PROVIDED RECORDS
※

theorem theorem7:
  fixes f g :: "real ^ 'n \<Rightarrow> real ^ 'n"
  assumes "\<forall>x \<in> pos_cone. f x \<in> pos_cone"
    and "homogeneous_on_cone f"
    and "monotone_on_cone f"
    and "is_recession_function f g"
    and "\<forall>x. eigenvector_on_cone g x \<longrightarrow> (\<exists>c::real. 0 < c \<and> x = c *\<^sub>R (\<chi> i. 1))"
    and "0 < l" and "0 < m"
  shows "hilbert_bounded (slice_space l m f)"
proof -
  interpret monotone_homogeneous_map_recession f g
    by unfold_locales (fact assms)+
  obtain B where B: "\<And>X. \<forall>i. \<bar>log_map f X $ i - X $ i\<bar> \<le> \<bar>ln l\<bar> + \<bar>ln m\<bar> \<Longrightarrow> osc X \<le> B"
    using osc_bounded_if_eigenvectors_constant[OF assms(5)] by blast
  have "\<forall>x \<in> slice_space l m f. osc (vln x) \<le> B"
    using slice_space_log_bound[OF _ assms(6,7)] by (intro ballI B allI)
  moreover have "slice_space l m f \<subseteq> pos_cone"
    by (auto simp: slice_space_def)
  ultimately show ?thesis
    by (intro hilbert_bounded_if_osc_vln_bounded)
qed

end
lemma card_ambiguous_add_good: "card ambiguous + card good \<le> 2 ^ (k * n)"
proof -
  define partner where "partner m = (SOME m'. m' \<in> robust \<and> b m' = b m \<and> a m' \<noteq> a m)" for m
  have partner: "partner m \<in> robust" "b (partner m) = b m" "a (partner m) \<noteq> a m"
    if "m \<in> ambiguous" for m
    using someI_ex[of "\<lambda>m'. m' \<in> robust \<and> b m' = b m \<and> a m' \<noteq> a m"] that
    unfolding partner_def ambiguous_def by auto
  define swap where "swap m = (atuple m)(i := a (partner m))" for m
  have "card ambiguous + card good \<le> card (tuple_space k n)"
  proof (rule card_add_le_of_disjoint_images[OF finite_tuple_space _ inj_on_atuple])
    show "inj_on swap ambiguous"
    proof (rule inj_onI)
      fix m1 m2 assume m: "m1 \<in> ambiguous" "m2 \<in> ambiguous" and swap: "swap m1 = swap m2"
      have same_a: "atuple m1 j = atuple m2 j" if "j \<noteq> i" for j
        using that fun_cong[OF swap, of j] by (simp add: swap_def)
      have "a (partner m1) = a (partner m2)"
        using fun_cong[OF swap, of i] by (simp add: swap_def)
      hence "b (partner m1) = b (partner m2)"
        by (rule robust_b_eq[OF partner(1)[OF m(1)] partner(1)[OF m(2)]])
      hence "b_out i (a m2) (z' m2) = b m1"
        using partner(2) m by (simp add: b_eq_b_out[symmetric])
      moreover have "m1 \<in> robust" "m2 \<in> good"
        using m ambiguous_subset_robust robust_subset_good by auto
      ultimately show "m1 = m2"
        using robust_unconfusable[OF _ _ same_a z'_less] by metis
    qed
    show "swap ` ambiguous \<inter> atuple ` good = {}"
    proof (intro equals0I, elim IntE imageE)
      fix t m m' assume m: "m \<in> ambiguous" and "m' \<in> good" "t = swap m" "t = atuple m'"
      hence swap: "swap m = atuple m'" by simp
      have "a m' = a (partner m)"
        using fun_cong[OF swap, of i] i by (simp add: swap_def atuple_def)
      hence "b_out i (a m') (z' (partner m)) = b m"
        using partner[OF m] by (simp add: b_eq_b_out[symmetric])
      moreover have "atuple m j = atuple m' j" if "j \<noteq> i" for j
        using that fun_cong[OF swap, of j] by (simp add: swap_def)
      ultimately have "m' = m"
        using robust_unconfusable[OF _ \<open>m' \<in> good\<close> _ z'_less] m ambiguous_subset_robust by blast
      thus False using partner(3)[OF m] \<open>a m' = a (partner m)\<close> by simp
    qed
    show "swap ` ambiguous \<subseteq> tuple_space k n"
      using atuple_in_tuple_space a_less i by (auto simp: swap_def tuple_space_def)
  qed (rule image_subsetI, rule atuple_in_tuple_space)
  thus ?thesis using card_tuple_space_le by (rule le_trans)
qed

※

EXERCISE DETAILS
Word for word, give back all the lines above.

ANSWER AREA
theorem theorem7:
  fixes f g :: "real ^ 'n \<Rightarrow> real ^ 'n"
  assumes "\<forall>x \<in> pos_cone. f x \<in> pos_cone"
    and "homogeneous_on_cone f"
    and "monotone_on_cone f"
    and "is_recession_function f g"
    and "\<forall>x. eigenvector_on_cone g x \<longrightarrow> (\<exists>c::real. 0 < c \<and> x = c *\<^sub>R (\<chi> i. 1))"
    and "0 < l" and "0 < m"
  shows "hilbert_bounded (slice_space l m f)"
proof -
  interpret monotone_homogeneous_map_recession f g
    by unfold_locales (fact assms)+
  obtain B where B: "\<And>X. \<forall>i. \<bar>log_map f X $ i - X $ i\<bar> \<le> \<bar>ln l\<bar> + \<bar>ln m\<bar> \<Longrightarrow> osc X \<le> B"
    using osc_bounded_if_eigenvectors_constant[OF assms(5)] by blast
  have "\<forall>x \<in> slice_space l m f. osc (vln x) \<le> B"
    using slice_space_log_bound[OF _ assms(6,7)] by (intro ballI B allI)
  moreover have "slice_space l m f \<subseteq> pos_cone"
    by (auto simp: slice_space_def)
  ultimately show ?thesis
    by (intro hilbert_bounded_if_osc_vln_bounded)
qed

end
lemma card_ambiguous_add_good: "card ambiguous + card good \<le> 2 ^ (k * n)"
proof -
  define partner where "partner m = (SOME m'. m' \<in> robust \<and> b m' = b m \<and> a m' \<noteq> a m)" for m
  have partner: "partner m \<in> robust" "b (partner m) = b m" "a (partner m) \<noteq> a m"
    if "m \<in> ambiguous" for m
    using someI_ex[of "\<lambda>m'. m' \<in> robust \<and> b m' = b m \<and> a m' \<noteq> a m"] that
    unfolding partner_def ambiguous_def by auto
  define swap where "swap m = (atuple m)(i := a (partner m))" for m
  have "card ambiguous + card good \<le> card (tuple_space k n)"
  proof (rule card_add_le_of_disjoint_images[OF finite_tuple_space _ inj_on_atuple])
    show "inj_on swap ambiguous"
    proof (rule inj_onI)
      fix m1 m2 assume m: "m1 \<in> ambiguous" "m2 \<in> ambiguous" and swap: "swap m1 = swap m2"
      have same_a: "atuple m1 j = atuple m2 j" if "j \<noteq> i" for j
        using that fun_cong[OF swap, of j] by (simp add: swap_def)
      have "a (partner m1) = a (partner m2)"
        using fun_cong[OF swap, of i] by (simp add: swap_def)
      hence "b (partner m1) = b (partner m2)"
        by (rule robust_b_eq[OF partner(1)[OF m(1)] partner(1)[OF m(2)]])
      hence "b_out i (a m2) (z' m2) = b m1"
        using partner(2) m by (simp add: b_eq_b_out[symmetric])
      moreover have "m1 \<in> robust" "m2 \<in> good"
        using m ambiguous_subset_robust robust_subset_good by auto
      ultimately show "m1 = m2"
        using robust_unconfusable[OF _ _ same_a z'_less] by metis
    qed
    show "swap ` ambiguous \<inter> atuple ` good = {}"
    proof (intro equals0I, elim IntE imageE)
      fix t m m' assume m: "m \<in> ambiguous" and "m' \<in> good" "t = swap m" "t = atuple m'"
      hence swap: "swap m = atuple m'" by simp
      have "a m' = a (partner m)"
        using fun_cong[OF swap, of i] i by (simp add: swap_def atuple_def)
      hence "b_out i (a m') (z' (partner m)) = b m"
        using partner[OF m] by (simp add: b_eq_b_out[symmetric])
      moreover have "atuple m j = atuple m' j" if "j \<noteq> i" for j
        using that fun_cong[OF swap, of j] by (simp add: swap_def)
      ultimately have "m' = m"
        using robust_unconfusable[OF _ \<open>m' \<in> good\<close> _ z'_less] m ambiguous_subset_robust by blast
      thus False using partner(3)[OF m] \<open>a m' = a (partner m)\<close> by simp
    qed
    show "swap ` ambiguous \<subseteq> tuple_space k n"
      using atuple_in_tuple_space a_less i by (auto simp: swap_def tuple_space_def)
  qed (rule image_subsetI, rule atuple_in_tuple_space)
  thus ?thesis using card_tuple_space_le by (rule le_trans)
qed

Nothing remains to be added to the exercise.